(* Let $Q$ be a sequence, $G=(V,E,\delta)$ a pangenome graph, $k_1,k_2>0$ integers, and $H_{gap}$ the directed graph defined in the context. If $v_{(i_0,u_0,f_0)},\dots,v_{(i_k,u_k,f_k)}$ is a directed path in $H_{gap}$, then $Q_{i_0}Q_{i_1}\cdots Q_{i_k}$ is a $(k_1,k_2)$-gap common subsequence between $Q$ and $G$.
   Context: Strings are 0-indexed; $S_i$ is the character of $S$ at position $i$. A pangenome graph is a triple $G=(V,E,\delta)$ where $(V,E)$ is a finite directed graph and $\delta:V\to\Sigma^*\setminus\{\epsilon\}$ assigns to each vertex a nonempty string over an alphabet $\Sigma$. A path in $G$ is a sequence of vertices $P=w_0,\dots,w_k$ ($k\ge0$) with $(w_j,w_{j+1})\in E$ for $j<k$; $spell(P)=\delta(w_0)\cdots\delta(w_k)$. A sequence $S$ is a $(k_1,k_2)$-gap common subsequence between $Q$ and $G$ if there is a path $P$ in $G$ and indices $p_0<\dots<p_{|S|-1}$ in $Q$ and $q_0<\dots<q_{|S|-1}$ in $spell(P)$ with $Q_{p_j}=spell(P)_{q_j}=S_j$ for all $j$, $p_j-p_{j-1}\le k_1$ and $q_j-q_{j-1}\le k_2$ for all $1\le j\le|S|-1$. The directed graph $H_{gap}$ has vertex set $\{v_{(i,u,f)}: 0\le i\le|Q|-1,\ u\in V,\ 0\le f\le|\delta(u)|-1,\ Q_i=\delta(u)_f\}$, and an edge from $v_{(i,u,f)}$ to $v_{(i',u',f')}$ if and only if $0<i'-i\le k_1$ and: if $u\ne u'$, there is a path $P=w_0,\dots,w_k$ from $u=w_0$ to $u'=w_k$ in $G$ with $0<\sum_{j=0}^{k-1}|\delta(w_j)|+f'-f\le k_2$; if $u=u'$, then $0<f'-f\le k_2$. *)

theory Defs
  imports Main
begin

definition pangenome_graph :: "'v set \<Rightarrow> ('v \<times> 'v) set \<Rightarrow> ('v \<Rightarrow> 'a list) \<Rightarrow> bool" where
  "pangenome_graph V E \<delta> \<longleftrightarrow> finite V \<and> E \<subseteq> V \<times> V \<and> (\<forall>u\<in>V. \<delta> u \<noteq> [])"

definition is_path :: "'v set \<Rightarrow> ('v \<times> 'v) set \<Rightarrow> 'v list \<Rightarrow> bool" where
  "is_path V E P \<longleftrightarrow> P \<noteq> [] \<and> set P \<subseteq> V \<and> (\<forall>j. Suc j < length P \<longrightarrow> (P ! j, P ! Suc j) \<in> E)"

definition spell :: "('v \<Rightarrow> 'a list) \<Rightarrow> 'v list \<Rightarrow> 'a list" where
  "spell \<delta> P = concat (map \<delta> P)"

definition gap_common_subseq ::
  "nat \<Rightarrow> nat \<Rightarrow> 'a list \<Rightarrow> 'v set \<Rightarrow> ('v \<times> 'v) set \<Rightarrow> ('v \<Rightarrow> 'a list) \<Rightarrow> 'a list \<Rightarrow> bool" where
  "gap_common_subseq k1 k2 Q V E \<delta> S \<longleftrightarrow>
     (\<exists>P p q. is_path V E P \<and>
        (\<forall>j < length S. p j < length Q \<and> q j < length (spell \<delta> P)) \<and>
        (\<forall>j. Suc j < length S \<longrightarrow> p j < p (Suc j) \<and> q j < q (Suc j)) \<and>
        (\<forall>j < length S. Q ! p j = S ! j \<and> spell \<delta> P ! q j = S ! j) \<and>
        (\<forall>j. 1 \<le> j \<and> j < length S \<longrightarrow> p j - p (j - 1) \<le> k1 \<and> q j - q (j - 1) \<le> k2))"

definition Hgap_vertex :: "'a list \<Rightarrow> 'v set \<Rightarrow> ('v \<Rightarrow> 'a list) \<Rightarrow> nat \<times> 'v \<times> nat \<Rightarrow> bool" where
  "Hgap_vertex Q V \<delta> x = (case x of (i, u, f) \<Rightarrow>
     i < length Q \<and> u \<in> V \<and> f < length (\<delta> u) \<and> Q ! i = \<delta> u ! f)"

definition Hgap_edge ::
  "nat \<Rightarrow> nat \<Rightarrow> 'a list \<Rightarrow> 'v set \<Rightarrow> ('v \<times> 'v) set \<Rightarrow> ('v \<Rightarrow> 'a list) \<Rightarrow>
   nat \<times> 'v \<times> nat \<Rightarrow> nat \<times> 'v \<times> nat \<Rightarrow> bool" where
  "Hgap_edge k1 k2 Q V E \<delta> x y = (case x of (i, u, f) \<Rightarrow> case y of (i', u', f') \<Rightarrow>
     Hgap_vertex Q V \<delta> x \<and> Hgap_vertex Q V \<delta> y \<and>
     0 < int i' - int i \<and> int i' - int i \<le> int k1 \<and>
     (if u \<noteq> u' then
        (\<exists>P. is_path V E P \<and> hd P = u \<and> last P = u' \<and>
           0 < int (sum_list (map (\<lambda>w. length (\<delta> w)) (butlast P))) + int f' - int f \<and>
           int (sum_list (map (\<lambda>w. length (\<delta> w)) (butlast P))) + int f' - int f \<le> int k2)
      else 0 < int f' - int f \<and> int f' - int f \<le> int k2))"

definition Hgap_path ::
  "nat \<Rightarrow> nat \<Rightarrow> 'a list \<Rightarrow> 'v set \<Rightarrow> ('v \<times> 'v) set \<Rightarrow> ('v \<Rightarrow> 'a list) \<Rightarrow>
   (nat \<times> 'v \<times> nat) list \<Rightarrow> bool" where
  "Hgap_path k1 k2 Q V E \<delta> xs \<longleftrightarrow> xs \<noteq> [] \<and> (\<forall>x\<in>set xs. Hgap_vertex Q V \<delta> x) \<and>
     (\<forall>j. Suc j < length xs \<longrightarrow> Hgap_edge k1 k2 Q V E \<delta> (xs ! j) (xs ! Suc j))"

end

theory Submission
  imports Defs
begin

text \<open>Build the graph path from the back of the H_gap path. An edge from (i, u, f) to
  (i', u', f') provides a walk R from u to the start u' of the graph path P already built for
  the rest (R = [] if u = u'), with 0 < |spell R| + f' - f \<le> k2. On R @ P the old graph
  positions are shifted by |spell R| and f is a position inside \<delta> u, so consecutive graph
  positions stay at distance at most k2. The query positions are the first coordinates, spaced
  by at most k1 by the edge condition.\<close>

lemma is_path_iff_successively:
  "is_path V E P \<longleftrightarrow> P \<noteq> [] \<and> set P \<subseteq> V \<and> successively (\<lambda>a b. (a, b) \<in> E) P"
  by (simp add: is_path_def successively_conv_nth)

lemma is_path_join:
  assumes "is_path V E P0" and "is_path V E P" and "last P0 = hd P"
  shows "is_path V E (butlast P0 @ P)"
proof -
  have "P0 = butlast P0 @ [hd P]"
    using assms by (metis append_butlast_last_id is_path_def)
  then have "successively (\<lambda>a b. (a, b) \<in> E) (butlast P0 @ [hd P])"
    using assms(1) by (metis is_path_iff_successively)
  then show ?thesis
    using assms by (auto simp: is_path_iff_successively successively_append_iff in_set_butlastD)
qed

lemma spell_append: "spell \<delta> (xs @ ys) = spell \<delta> xs @ spell \<delta> ys"
  by (simp add: spell_def)

lemma length_spell: "length (spell \<delta> P) = sum_list (map (\<lambda>w. length (\<delta> w)) P)"
  by (simp add: spell_def length_concat comp_def)

definition occurs_at :: "'a list \<Rightarrow> nat \<Rightarrow> 'a \<Rightarrow> bool" where
  "occurs_at s n c \<longleftrightarrow> n < length s \<and> s ! n = c"

lemma occurs_at_append_left: "occurs_at r n c \<Longrightarrow> occurs_at (r @ s) n c"
  by (simp add: occurs_at_def nth_append)

lemma occurs_at_append_right: "occurs_at s n c \<Longrightarrow> occurs_at (r @ s) (length r + n) c"
  by (simp add: occurs_at_def)

lemma occurs_at_spell_hd:
  "P \<noteq> [] \<Longrightarrow> occurs_at (\<delta> (hd P)) n c \<Longrightarrow> occurs_at (spell \<delta> P) n c"
  by (cases P) (simp_all add: spell_def occurs_at_append_left)

definition gap_bounded :: "nat \<Rightarrow> nat list \<Rightarrow> bool" where
  "gap_bounded k ns \<longleftrightarrow> successively (\<lambda>m n. m < n \<and> n - m \<le> k) ns"

lemma gap_bounded_Cons_Cons:
  "gap_bounded k (m # n # ns) \<longleftrightarrow> m < n \<and> n - m \<le> k \<and> gap_bounded k (n # ns)"
  by (simp add: gap_bounded_def)

lemma gap_bounded_shift: "gap_bounded k (map ((+) d) ns) \<longleftrightarrow> gap_bounded k ns"
  by (simp add: gap_bounded_def successively_map)

lemma gap_common_subseqI:
  assumes "is_path V E P"
    and "list_all2 (occurs_at Q) ps S" and "list_all2 (occurs_at (spell \<delta> P)) qs S"
    and "gap_bounded k1 ps" and "gap_bounded k2 qs"
  shows "gap_common_subseq k1 k2 Q V E \<delta> S"
  unfolding gap_common_subseq_def
proof (intro exI conjI)
  show "is_path V E P" by fact
  have len: "length ps = length S" "length qs = length S"
    using assms(2,3) by (simp_all add: list_all2_lengthD)
  show "\<forall>j < length S. ps ! j < length Q \<and> qs ! j < length (spell \<delta> P)"
    and "\<forall>j < length S. Q ! (ps ! j) = S ! j \<and> spell \<delta> P ! (qs ! j) = S ! j"
    using assms(2,3) by (auto simp: list_all2_conv_all_nth occurs_at_def)
  have steps: "ps ! j < ps ! Suc j \<and> ps ! Suc j - ps ! j \<le> k1"
    "qs ! j < qs ! Suc j \<and> qs ! Suc j - qs ! j \<le> k2" if "Suc j < length S" for j
    using assms(4,5) that len by (auto simp: gap_bounded_def successively_conv_nth)
  then show "\<forall>j. Suc j < length S \<longrightarrow> ps ! j < ps ! Suc j \<and> qs ! j < qs ! Suc j"
    by blast
  show "\<forall>j. 1 \<le> j \<and> j < length S \<longrightarrow> ps ! j - ps ! (j - 1) \<le> k1 \<and> qs ! j - qs ! (j - 1) \<le> k2"
  proof (intro allI impI)
    fix j assume "1 \<le> j \<and> j < length S"
    then obtain m where "j = Suc m" "Suc m < length S" by (cases j) auto
    then show "ps ! j - ps ! (j - 1) \<le> k1 \<and> qs ! j - qs ! (j - 1) \<le> k2"
      using steps by simp
  qed
qed

lemma Hgap_path_iff_successively:
  "Hgap_path k1 k2 Q V E \<delta> xs \<longleftrightarrow>
     xs \<noteq> [] \<and> (\<forall>x\<in>set xs. Hgap_vertex Q V \<delta> x) \<and> successively (Hgap_edge k1 k2 Q V E \<delta>) xs"
  by (simp add: Hgap_path_def successively_conv_nth)

lemma Hgap_path_Cons_Cons:
  "Hgap_path k1 k2 Q V E \<delta> (x # y # xs) \<longleftrightarrow>
     Hgap_vertex Q V \<delta> x \<and> Hgap_edge k1 k2 Q V E \<delta> x y \<and> Hgap_path k1 k2 Q V E \<delta> (y # xs)"
  by (auto simp: Hgap_path_iff_successively)

lemma Hgap_edge_query_gap:
  "Hgap_edge k1 k2 Q V E \<delta> (i, u, f) (i', u', f') \<Longrightarrow> i < i' \<and> i' - i \<le> k1"
  by (auto simp: Hgap_edge_def)

lemma Hgap_edge_extend_path:
  assumes edge: "Hgap_edge k1 k2 Q V E \<delta> (i, u, f) (i', u', f')"
    and P: "is_path V E P" "hd P = u'"
  obtains R where "is_path V E (R @ P)" "hd (R @ P) = u"
    and "f < length (spell \<delta> R) + f'" "length (spell \<delta> R) + f' - f \<le> k2"
proof (cases "u = u'")
  case True
  with edge have "f < f'" "f' - f \<le> k2"
    by (auto simp: Hgap_edge_def)
  with P True show ?thesis
    using that[of "[]"] by (simp add: spell_def)
next
  case False
  with edge obtain P0 where P0: "is_path V E P0" "hd P0 = u" "last P0 = u'"
    and gap: "0 < int (length (spell \<delta> (butlast P0))) + int f' - int f"
      "int (length (spell \<delta> (butlast P0))) + int f' - int f \<le> int k2"
    by (auto simp: Hgap_edge_def length_spell)
  have "P0 \<noteq> []"
    using P0(1) by (simp add: is_path_def)
  then have P0_eq: "P0 = butlast P0 @ [u']"
    using P0(3) by (metis append_butlast_last_id)
  have "butlast P0 \<noteq> []"
  proof
    assume "butlast P0 = []"
    then show False
      using P0_eq P0(2) False by (metis list.sel(1) self_append_conv2)
  qed
  then have "hd (butlast P0 @ P) = u"
    using P0_eq P0(2) by (metis hd_append2)
  moreover have "is_path V E (butlast P0 @ P)"
    using P0 P by (intro is_path_join) simp_all
  moreover have "f < length (spell \<delta> (butlast P0)) + f'"
    and "length (spell \<delta> (butlast P0)) + f' - f \<le> k2"
    using gap by linarith+
  ultimately show ?thesis
    using that by blast
qed

lemma Hgap_path_graph_positions:
  assumes "Hgap_path k1 k2 Q V E \<delta> ((i, u, f) # xs)"
  shows "\<exists>P qs. is_path V E P \<and> hd P = u \<and> gap_bounded k2 (f # qs) \<and>
    list_all2 (\<lambda>q x. occurs_at (spell \<delta> P) q (Q ! fst x)) (f # qs) ((i, u, f) # xs)"
  using assms
proof (induction xs arbitrary: i u f)
  case Nil
  then have "is_path V E [u]" "occurs_at (spell \<delta> [u]) f (Q ! i)"
    by (auto simp: Hgap_path_def Hgap_vertex_def is_path_def spell_def occurs_at_def)
  then show ?case
    by (intro exI[of _ "[u]"] exI[of _ "[]"]) (simp add: gap_bounded_def)
next
  case (Cons y xs)
  obtain i' u' f' where y: "y = (i', u', f')"
    by (cases y)
  from Cons.prems have vertex: "Hgap_vertex Q V \<delta> (i, u, f)"
    and edge: "Hgap_edge k1 k2 Q V E \<delta> (i, u, f) (i', u', f')"
    and tail: "Hgap_path k1 k2 Q V E \<delta> ((i', u', f') # xs)"
    by (simp_all add: Hgap_path_Cons_Cons y)
  obtain P qs where P: "is_path V E P" "hd P = u'" and qs: "gap_bounded k2 (f' # qs)"
    and occ: "list_all2 (\<lambda>q x. occurs_at (spell \<delta> P) q (Q ! fst x)) (f' # qs) (y # xs)"
    using Cons.IH[OF tail] y by blast
  obtain R where R: "is_path V E (R @ P)" "hd (R @ P) = u"
    and gap: "f < length (spell \<delta> R) + f'" "length (spell \<delta> R) + f' - f \<le> k2"
    using Hgap_edge_extend_path[OF edge P] .
  define d where "d = length (spell \<delta> R)"
  have "gap_bounded k2 (map ((+) d) (f' # qs))"
    using qs by (simp only: gap_bounded_shift)
  with gap have "gap_bounded k2 (f # map ((+) d) (f' # qs))"
    by (simp add: gap_bounded_Cons_Cons d_def)
  moreover have "occurs_at (spell \<delta> (R @ P)) f (Q ! i)"
    using vertex R by (intro occurs_at_spell_hd) (auto simp: Hgap_vertex_def occurs_at_def is_path_def)
  moreover have "list_all2 (\<lambda>q x. occurs_at (spell \<delta> (R @ P)) q (Q ! fst x))
      (map ((+) d) (f' # qs)) (y # xs)"
    using occ unfolding list_all2_map1 spell_append d_def
    by (rule list_all2_mono) (rule occurs_at_append_right)
  ultimately show ?case
    using R(1) R(2) by (intro exI[of _ "R @ P"] exI[of _ "map ((+) d) (f' # qs)"]) simp
qed

lemma Hgap_path_query_positions:
  assumes "Hgap_path k1 k2 Q V E \<delta> xs"
  shows "gap_bounded k1 (map fst xs)"
    and "list_all2 (occurs_at Q) (map fst xs) (map (\<lambda>(i, u, f). Q ! i) xs)"
proof -
  have "successively (Hgap_edge k1 k2 Q V E \<delta>) xs"
    using assms by (simp add: Hgap_path_iff_successively)
  then show "gap_bounded k1 (map fst xs)"
    unfolding gap_bounded_def successively_map
    by (rule successively_mono) (auto dest: Hgap_edge_query_gap)
  have "occurs_at Q (fst (xs ! j)) (Q ! fst (xs ! j))" if "j < length xs" for j
  proof -
    have "Hgap_vertex Q V \<delta> (xs ! j)"
      using assms that by (simp add: Hgap_path_def)
    then show ?thesis
      by (cases "xs ! j") (simp add: Hgap_vertex_def occurs_at_def)
  qed
  then show "list_all2 (occurs_at Q) (map fst xs) (map (\<lambda>(i, u, f). Q ! i) xs)"
    by (simp add: list_all2_conv_all_nth case_prod_beta)
qed

theorem lemma6:
  fixes Q :: "'a list" and V :: "'v set" and E :: "('v \<times> 'v) set" and \<delta> :: "'v \<Rightarrow> 'a list"
    and k1 k2 :: nat and xs :: "(nat \<times> 'v \<times> nat) list"
  assumes "pangenome_graph V E \<delta>"
    and "k1 > 0" and "k2 > 0"
    and "Hgap_path k1 k2 Q V E \<delta> xs"
  shows "gap_common_subseq k1 k2 Q V E \<delta> (map (\<lambda>(i, u, f). Q ! i) xs)"
proof -
  obtain i u f xs' where xs: "xs = (i, u, f) # xs'"
    using assms(4) by (cases xs) (auto simp: Hgap_path_def)
  obtain P qs where "is_path V E P" "gap_bounded k2 (f # qs)"
    and "list_all2 (\<lambda>q x. occurs_at (spell \<delta> P) q (Q ! fst x)) (f # qs) xs"
    using Hgap_path_graph_positions[of k1 k2 Q V E \<delta> i u f xs'] assms(4) unfolding xs by blast
  moreover have "list_all2 (occurs_at (spell \<delta> P)) (f # qs) (map (\<lambda>(i, u, f). Q ! i) xs)"
    using calculation(3) unfolding list_all2_map2
    by (rule list_all2_mono) (simp add: case_prod_beta)
  ultimately show ?thesis
    using Hgap_path_query_positions[OF assms(4)] by (intro gap_common_subseqI)
qed

end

◆ **REQUIREMENT**: I need every line of the data that has the word "steps"; please list them.

◆ **TASK RESULT**:
  have steps: "ps ! j < ps ! Suc j \<and> ps ! Suc j - ps ! j \<le> k1"
      using steps by simp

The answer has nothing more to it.